Pomocnik Historyczny

Pilaw i kumys

Co jedzono na Jedwabnym Szlaku

Lepioszki. Lepioszki. Getty Images
Wraz z nomadami wędrowały kulinaria, popularne także dziś.
Czak-czak.Getty Images Czak-czak.

Beszbarmak. Specjalność Kirgizów i Kazachów, choć występuje w całej Azji Środkowej i na Powołżu. Nazwa dania w języku kirgiskim oznacza pięć palców, co ma zapewne nawiązywać do sposobu jej spożywania. W najprostszej wersji składa się z drobno pokrojonego gotowanego mięsa (wołowiny, baraniny lub koniny), podawanego z szerokimi wstęgami makaronu, posiekaną cebulą i pietruszką. Beszbarmak jest zazwyczaj serwowany na dużym talerzu w określonym porządku – na lekko podlany bulionem makaron układa się mięso, a na samej górze cebulę. Dodatkowo podaje w czarkach bulion, w którym gotowało się mięso. Tradycyjnie potrawę przyprawiano tylko pieprzem. Choć danie samo w sobie jest nieskomplikowane, doczekało się rozmaitych wariantów. Makaron używany do beszbarmaku ma z reguły kształt szerokich i długich wstęg, ale zdarzają się np. większe prostokąty (przypominające łazanki).

Beszbarmak jako danie uroczyste jest serwowany podczas wesel. Wiąże się z tym ciekawy zwyczaj. Otóż tusza barania, wołowa czy końska, z której jest przygotowywana potrawa, zostaje podzielona na sztuki mięsa z kością zwane ustukan. Powstałe porcje są przeznaczane dla poszczególnych gości, zgodnie z hierarchią wieku oraz pozycją społeczną. Przy ważnych okazjach pojawia się zatem podstawowa wersja beszbarmaku z rozdrobnionym mięsem, lecz każdy gość czeka właśnie na ustukan. Otrzymana porcja świadczy o stosunku gospodarza do gościa.
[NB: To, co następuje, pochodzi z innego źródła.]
(* qiso is symmetric only for structures closed under their operation, so the isomorphisms
   below are stated in the direction in which they are used. *)
lemma qprod_assoc: "qiso (qprod (qprod Q1 Q2) Q3) (qprod Q1 (qprod Q2 Q3))"
proof -
  define h where "h z = (case prod_decode z of (u, c) \<Rightarrow> case prod_decode u of (a, b) \<Rightarrow>
      prod_encode (a, prod_encode (b, c)))" for z
  define h' where "h' z = (case prod_decode z of (a, v) \<Rightarrow> case prod_decode v of (b, c) \<Rightarrow>
      prod_encode (prod_encode (a, b), c))" for z
  show ?thesis
  proof (rule qisoI[of h])
    show "bij_betw h (fst (qprod (qprod Q1 Q2) Q3)) (fst (qprod Q1 (qprod Q2 Q3)))"
      by (rule bij_betw_byWitness[of _ h']) (auto simp: qprod_fst h_def h'_def)
  qed (auto simp: qprod_fst h_def)
qed

lemma qprod_comm: "qiso (qprod Q1 Q2) (qprod Q2 Q1)"
proof -
  define h where "h z = prod_encode (prod.swap (prod_decode z))" for z
  show ?thesis
  proof (rule qisoI[of h])
    show "bij_betw h (fst (qprod Q1 Q2)) (fst (qprod Q2 Q1))"
      by (rule bij_betw_byWitness[of _ h]) (auto simp: qprod_fst h_def)
  qed (auto simp: qprod_fst h_def)
qed

lemma qprod_left_commute: "qiso (qprod Q1 (qprod Q2 Q3)) (qprod Q2 (qprod Q1 Q3))"
proof -
  define h where "h z = (case prod_decode z of (a, v) \<Rightarrow> case prod_decode v of (b, c) \<Rightarrow>
      prod_encode (b, prod_encode (a, c)))" for z
  show ?thesis
  proof (rule qisoI[of h])
    show "bij_betw h (fst (qprod Q1 (qprod Q2 Q3))) (fst (qprod Q2 (qprod Q1 Q3)))"
      by (rule bij_betw_byWitness[of _ h]) (auto simp: qprod_fst h_def)
  qed (auto simp: qprod_fst h_def)
qed

lemma qprod_qsingleton_left: "qiso (qprod qsingleton Q) Q"
proof (rule qisoI[of "\<lambda>z. snd (prod_decode z)"])
  show "bij_betw (\<lambda>z. snd (prod_decode z)) (fst (qprod qsingleton Q)) (fst Q)"
    by (rule bij_betw_byWitness[of _ "\<lambda>z. prod_encode (0, z)"]) (auto simp: qprod_fst qsingleton_def)
qed (auto simp: qprod_fst qsingleton_def)
(* Let $\Gamma\subset SL_2(\mathbb R)$ be a Fuchsian group, $\mathcal A$ a finite-dimensional complex unital algebra, and $G:\mathbb H\to\mathcal A$ meromorphic with $G(\gamma z)=(cz+d)^2G(z)+2c(cz+d)1_{\mathcal A}$ for all $\gamma\in\Gamma$. For $f\in\mathcal M_k(\Gamma,\mathcal A)$ set $\mathbb D^G_k(f)=\mathsf Df-\frac{k}{4\pi i}Gf$, $\mathbb D^{G,[0]}_k(f)=f$, $\mathbb D^{G,[r+1]}_k(f)=\mathbb D^G_{k+2r}(\mathbb D^{G,[r]}_k(f))$. For $f\in\mathcal M_k(\Gamma,\mathcal A)$, $g\in\mathcal M_\ell(\Gamma,\mathcal A)$ and $r\ge0$ define $$[f,g]^L_{G;r}=\sum_{s=0}^r(-1)^s\binom{k+r-1}{r-s}\binom{\ell+r-1}{s}\bigl(\mathbb D^{G,[s]}_kf\bigr)\bigl(\mathbb D^{G,[r-s]}_\ell g\bigr),$$ $$[f,g]^R_{G;r}=\sum_{s=0}^r(-1)^s\binom{k+r-1}{r-s}\binom{\ell+r-1}{s}\bigl(\mathbb D^{G,[r-s]}_\ell g\bigr)\bigl(\mathbb D^{G,[s]}_kf\bigr),$$ and $[f,g]^{\mathrm{sym}}_{G;r}=\frac12([f,g]^L_{G;r}+[f,g]^R_{G;r})$, $[f,g]^{\mathrm{skew}}_{G;r}=\frac12([f,g]^L_{G;r}-[f,g]^R_{G;r})$. Then all four of these lie in $\mathcal M_{k+\ell+2r}(\Gamma,\mathcal A)$.
   Context: $\mathbb H$ is the upper half-plane with $\gamma z=(az+b)/(cz+d)$, $j(\gamma,z)=cz+d$. $\mathsf D=\frac1{2\pi i}\frac{d}{dz}$. $\mathcal M_k(\Gamma,\mathcal A)$ is the space of meromorphic $F:\mathbb H\to\mathcal A$ with $j(\gamma,z)^{-k}F(\gamma z)=F(z)$ for all $\gamma\in\Gamma$. *)

theory Defs
  imports "HOL-Complex_Analysis.Complex_Analysis"
begin

definition uhp :: "complex set" where
  "uhp = {z. Im z > 0}"

definition SL2R :: "(real^2^2) set" where
  "SL2R = {g. det g = 1}"

definition fuchsian :: "(real^2^2) set \<Rightarrow> bool" where
  "fuchsian \<Gamma> \<longleftrightarrow>
     \<Gamma> \<subseteq> SL2R \<and> mat 1 \<in> \<Gamma> \<and>
     (\<forall>g\<in>\<Gamma>. \<forall>h\<in>\<Gamma>. g ** h \<in> \<Gamma>) \<and>
     (\<forall>g\<in>\<Gamma>. matrix_inv g \<in> \<Gamma>) \<and>
     (\<forall>g\<in>\<Gamma>. \<exists>e>0. \<forall>h\<in>\<Gamma>. dist h g < e \<longrightarrow> h = g)"
lemma rimp_galois: "p \<odot> q \<le> r \<longleftrightarrow> p \<le> rimp mult r q"
proof
  assume "p \<le> rimp mult r q"
  then have "p \<odot> q \<le> rimp mult r q \<odot> q" by (rule mult_mono_left)
  also have "\<dots> \<le> r"
    unfolding rimp_def mult_Sup_left by (auto intro: Sup_least)
  finally show "p \<odot> q \<le> r" .
qed (simp add: rimp_def Sup_upper)

lemma limp_galois: "p \<odot> q \<le> r \<longleftrightarrow> q \<le> limp mult p r"
proof
  assume "q \<le> limp mult p r"
  then have "p \<odot> q \<le> p \<odot> limp mult p r" by (rule mult_mono_right)
  also have "\<dots> \<le> r"
    unfolding limp_def mult_Sup_right by (auto intro: Sup_least)
  finally show "p \<odot> q \<le> r" .
qed (simp add: limp_def Sup_upper)

lemma rimp_counit: "rimp mult r q \<odot> q \<le> r"
  by (simp add: rimp_galois)

lemma limp_counit: "p \<odot> limp mult p r \<le> r"
  by (simp add: limp_galois)

lemma rimp_mono: "a \<le> b \<Longrightarrow> rimp mult a q \<le> rimp mult b q"
  by (meson order_trans rimp_counit rimp_galois)

lemma limp_mono: "a \<le> b \<Longrightarrow> limp mult q a \<le> limp mult q b"
  by (meson order_trans limp_counit limp_galois)

lemma DQ_rimp_factor: "u \<in> DQ mult p q \<Longrightarrow> rimp mult u p \<odot> p = u"
  unfolding DQ_def by blast

lemma DQ_limp_factor: "u \<in> DQ mult p q \<Longrightarrow> q \<odot> limp mult q u = u"
  unfolding DQ_def by auto

lemma DQ_intro: "u \<le> rimp mult u p \<odot> p \<Longrightarrow> u \<le> q \<odot> limp mult q u \<Longrightarrow> u \<in> DQ mult p q"
  unfolding DQ_def using rimp_counit limp_counit by (blast intro: antisym)

lemma DQ_refl: "p \<in> DQ mult p p"
proof (rule DQ_intro)
  have "e \<le> rimp mult p p" "e \<le> limp mult p p"
    by (simp_all flip: rimp_galois limp_galois add: mult_unit_left mult_unit_right)
  then show "p \<le> rimp mult p p \<odot> p" "p \<le> p \<odot> limp mult p p"
    by (metis mult_mono_left mult_unit_left, metis mult_mono_right mult_unit_right)
qed

lemma DQ_Sup:
  assumes "S \<subseteq> DQ mult p q"
  shows "Sup S \<in> DQ mult p q"
proof (rule DQ_intro; rule Sup_least)
  fix v assume v: "v \<in> S"
  then have "v \<in> DQ mult p q" using assms by blast
  then show "v \<le> rimp mult (Sup S) p \<odot> p" "v \<le> q \<odot> limp mult q (Sup S)"
    using v by (metis DQ_rimp_factor Sup_upper mult_mono_left rimp_mono,
                metis DQ_limp_factor Sup_upper mult_mono_right limp_mono)
qed

text \<open>\<open>(u / p) & a\<close> is the composite of \<open>u \<in> DQ p q\<close> after \<open>a \<in> DQ r p\<close>; as \<open>a = p & (p \<setminus> a)\<close>,
  it equals \<open>u & (p \<setminus> a)\<close>, which makes associativity a matter of associativity of \<open>&\<close>.\<close>

lemma DQ_comp_eq:
  assumes "u \<in> DQ mult p q" and "a \<in> DQ mult r p"
  shows "rimp mult u p \<odot> a = u \<odot> limp mult p a"
  by (metis assms DQ_limp_factor DQ_rimp_factor mult_assoc)

lemma DQ_comp:
  assumes u: "u \<in> DQ mult p q" and a: "a \<in> DQ mult r p"
  shows "rimp mult u p \<odot> a \<in> DQ mult r q"
proof (rule DQ_intro)
  let ?c = "rimp mult u p \<odot> a"
  have "?c = (rimp mult u p \<odot> rimp mult a r) \<odot> r"
    using DQ_rimp_factor[OF a] by (simp add: mult_assoc)
  also have "\<dots> \<le> rimp mult ?c r \<odot> r"
    by (rule mult_mono_left) (simp flip: rimp_galois add: mult_assoc DQ_rimp_factor[OF a])
  finally show "?c \<le> rimp mult ?c r \<odot> r" .
  have "?c = q \<odot> (limp mult q u \<odot> limp mult p a)"
    using DQ_comp_eq[OF u a] DQ_limp_factor[OF u] by (metis mult_assoc)
  also have "\<dots> \<le> q \<odot> limp mult q ?c"
    by (rule mult_mono_right)
       (simp flip: limp_galois mult_assoc add: DQ_limp_factor[OF u] DQ_comp_eq[OF u a])
  finally show "?c \<le> q \<odot> limp mult q ?c" .
qed

lemma DQ_comp_assoc:
  assumes u: "u \<in> DQ mult p q" and a: "a \<in> DQ mult r p" and c: "c \<in> DQ mult s r"
  shows "rimp mult (rimp mult u p \<odot> a) r \<odot> c = rimp mult u p \<odot> (rimp mult a r \<odot> c)"
  by (simp add: DQ_comp_eq[OF DQ_comp[OF u a] c] DQ_comp_eq[OF a c] mult_assoc)

lemma DQ_comp_refl: "a \<in> DQ mult r p \<Longrightarrow> rimp mult p p \<odot> a = a"
  by (simp add: DQ_comp_eq[OF DQ_refl] DQ_limp_factor)

lemma DQ_comp_Sup:
  assumes S: "S \<subseteq> DQ mult p q" and a: "a \<in> DQ mult r p"
  shows "rimp mult (Sup S) p \<odot> a = Sup ((\<lambda>c. rimp mult c p \<odot> a) ` S)"
proof -
  have "rimp mult (Sup S) p \<odot> a = Sup ((\<lambda>c. c \<odot> limp mult p a) ` S)"
    by (simp add: DQ_comp_eq[OF DQ_Sup[OF S] a] mult_Sup_left)
  also have "\<dots> = Sup ((\<lambda>c. rimp mult c p \<odot> a) ` S)"
    by (intro arg_cong[where f = Sup] image_cong refl) (simp add: DQ_comp_eq[OF subsetD[OF S] a])
  finally show ?thesis .
qed

lemma pset_iff: "(q, m) \<in> pset mult X nX R \<longleftrightarrow>
   (\<forall>x. x \<notin> X \<longrightarrow> m x = bot) \<and> (\<forall>x\<in>X. m x \<in> DQ mult (nX x) q) \<and>
   (\<forall>z\<in>X. \<forall>y\<in>X. rimp mult (m y) (nX y) \<odot> R z y \<le> m z)"
  unfolding pset_def qrel_def rel_le_def qcomp_def by (simp add: Sup_le_iff) blast

lemma pset_DQ: "\<mu> \<in> pset mult X nX R \<Longrightarrow> x \<in> X \<Longrightarrow> snd \<mu> x \<in> DQ mult (nX x) (fst \<mu>)"
  using pset_iff[of "fst \<mu>" "snd \<mu>"] by simp

lemma pset_outside: "\<mu> \<in> pset mult X nX R \<Longrightarrow> x \<notin> X \<Longrightarrow> snd \<mu> x = bot"
  using pset_iff[of "fst \<mu>" "snd \<mu>"] by simp

lemma pset_lower: "\<mu> \<in> pset mult X nX R \<Longrightarrow> z \<in> X \<Longrightarrow> y \<in> X \<Longrightarrow>
   rimp mult (snd \<mu> y) (nX y) \<odot> R z y \<le> snd \<mu> z"
  using pset_iff[of "fst \<mu>" "snd \<mu>"] by simp

lemma pset_eqI:
  assumes "\<mu> \<in> pset mult X nX R" and "\<nu> \<in> pset mult X nX R"
    and "fst \<mu> = fst \<nu>" and "\<And>x. x \<in> X \<Longrightarrow> snd \<mu> x = snd \<nu> x"
  shows "\<mu> = \<nu>"
  using assms pset_outside[OF assms(1)] pset_outside[OF assms(2)] by (metis prod_eqI ext)

lemma pset_le_antisym:
  "\<mu> \<in> pset mult X nX R \<Longrightarrow> \<nu> \<in> pset mult X nX R \<Longrightarrow> pset_le X \<mu> \<nu> \<Longrightarrow> pset_le X \<nu> \<mu> \<Longrightarrow> \<mu> = \<nu>"
  unfolding pset_le_def by (rule pset_eqI) (auto intro: antisym)

lemma qpreorder_DQ: "qpreorder mult X nX R \<Longrightarrow> z \<in> X \<Longrightarrow> y \<in> X \<Longrightarrow> R z y \<in> DQ mult (nX z) (nX y)"
  unfolding qpreorder_def qrel_def by blast

lemma qpreorder_refl: "qpreorder mult X nX R \<Longrightarrow> x \<in> X \<Longrightarrow> nX x \<le> R x x"
  unfolding qpreorder_def rel_le_def qid_def by force

lemma qpreorder_trans: "qpreorder mult X nX R \<Longrightarrow> z \<in> X \<Longrightarrow> y \<in> X \<Longrightarrow> x \<in> X \<Longrightarrow>
   rimp mult (R y x) (nX y) \<odot> R z y \<le> R z x"
  unfolding qpreorder_def rel_le_def qcomp_def by (force simp: Sup_le_iff)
Czak-czak. Słodka przekąska podawana do herbaty znana w Azji Środkowej, popularna również w Tatarstanie, Baszkirii, a także w Karaczajo-Czerkiesji. Znają ją także polscy Tatarzy z Podlasia. Czak-czak jest wyrabiany z kawałków ciasta, smażonych w głębokim tłuszczu, polanych miodowym syropem, czasem z dodatkiem bakalii.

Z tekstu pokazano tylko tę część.